Red Sox front office reportedly still divided on team's need for a righty bat

Boston Red Sox End Of Season Press Conference
Boston Red Sox End Of Season Press Conference | Billie Weiss/Boston Red Sox/GettyImages

As spring training looms, many of the Boston Red Sox's early offseason goals remain unmet. The front office has successfully revamped the starting rotation, but that isn't enough to field the "90-95 win team" it hopes to see in 2025.

Boston's bolstered pitching will take it a long way, but its offense needs a lift to meet the front office's promises. Not only is the team heavily left-handed — the Sox slashed .245/.318/.409 as a team against lefty pitchers last year — but it lost 31 home runs worth of right-handed production when Tyler O'Neill signed with the Orioles.

Red Sox chief baseball officer Craig Breslow hasn't signed a major league bat since his tenure at the helm of the organization began in Nov. 2024. A recent report from Peter Abraham of The Boston Globe suggests he may not start now.

Agents have perceived that Red Sox manager Alex Cora and team president and CEO Sam Kennedy hope to sign a middle-of-the-order bat, while Breslow and team owners John Henry and Tom Werner are more hesitant, Abraham writes. This isn't the first report of different priorities within the Red Sox front office; rumors of an internal rift regarding the team's pursuit of Alex Bregman surfaced weeks ago.

Red Sox front office still disagrees on need for a right-handed bat

Abraham's reporting suggests the rift isn't specific to Boston potentially signing Bregman but signing a bat, in general. The Red Sox are banking on their "Big Three" prospects, Roman Anthony, Kristian Campbell and Marcelo Mayer, breaking out and becoming stars, which may be the reason for their hesitancy to jump into a long-term deal for Bregman.

But it doesn't explain why they wouldn't pursue Teoscar Hernández, who could fill the same role O'Neill did last season but with even more pop and offensive consistency. His second deal with the Dodgers seemed like a sure thing after he won a World Series with them in October, but he signed for a perfectly reasonable price the Red Sox could've beaten. He wouldn't take up a valuable infield spot needed for the team's top prospects and he didn't demand $200 million, but, for some reason, Boston always thought of Bregman as the better fit.

It's also incorrect and incredibly risky to bank on Anthony, Campbell and Mayer thriving when they're called up. Mayer has played more than 80 games once in his four professional seasons and he's never seen a pitch at Triple-A, while Anthony and Campbell have only about a month of Triple-A experience from last season. Prospects can take weeks to months to adjust when they're promoted, especially to the majors, and banking on the production of three 20-22-year-olds, when a two-time World Series champion remains available, is inexplicable for a team that has missed the playoffs three years running.

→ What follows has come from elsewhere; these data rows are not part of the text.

(* For every integer $n \geq 63$, $$\mathrm{ex}(n, C_{13}) \leq \frac{3(n-3)}{2}.$$
   Context: A linear $3$-graph $G=(V,E)$ consists of a finite vertex set $V$ and a collection $E$ of $3$-element subsets of $V$ (edges) such that any two distinct edges share at most one vertex. The crown $C_{13}$ is the linear $3$-graph on $9$ vertices $\{a,b,c,d,e,f,g,h,i\}$ with edges $\{a,b,c\},\{a,d,e\},\{b,f,g\},\{c,h,i\}$. A linear $3$-graph is $C_{13}$-free if it contains no copy of $C_{13}$. The linear Turán number $\mathrm{ex}(n, C_{13})$ is the maximum number of edges in a $C_{13}$-free linear $3$-graph on $n$ vertices. *)

theory Defs
  imports Complex_Main
begin

definition linear_3graph :: "'a set \<Rightarrow> 'a set set \<Rightarrow> bool" where
  "linear_3graph V E \<longleftrightarrow> finite V \<and> (\<forall>e\<in>E. e \<subseteq> V \<and> card e = 3) \<and>
     (\<forall>e1\<in>E. \<forall>e2\<in>E. e1 \<noteq> e2 \<longrightarrow> card (e1 \<inter> e2) \<le> 1)"

definition contains_crown :: "'a set set \<Rightarrow> bool" where
  "contains_crown E \<longleftrightarrow> (\<exists>a b c d e f g h i.
      distinct [a, b, c, d, e, f, g, h, i] \<and>
      {a, b, c} \<in> E \<and> {a, d, e} \<in> E \<and> {b, f, g} \<in> E \<and> {c, h, i} \<in> E)"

It's well established that Bregman isn't a perfect fit for Boston. Signing him would require roster shuffling, he could block top infield prospects' paths to the big leagues and he demands more time and money than the Red Sox have given to a free agent in years, even before Trevor Story signed in 2021.

But Bregman would bring experience and instant credibility to the Red Sox clubhouse. If making the playoffs and winning the division are as big a priority as Boston claims (promises of Kennedy's, who wants to sign a bat), it should sign Bregman before another club does. And even if it misses out on Bregman, although it should never come to that, another righty bat will have to do the trick.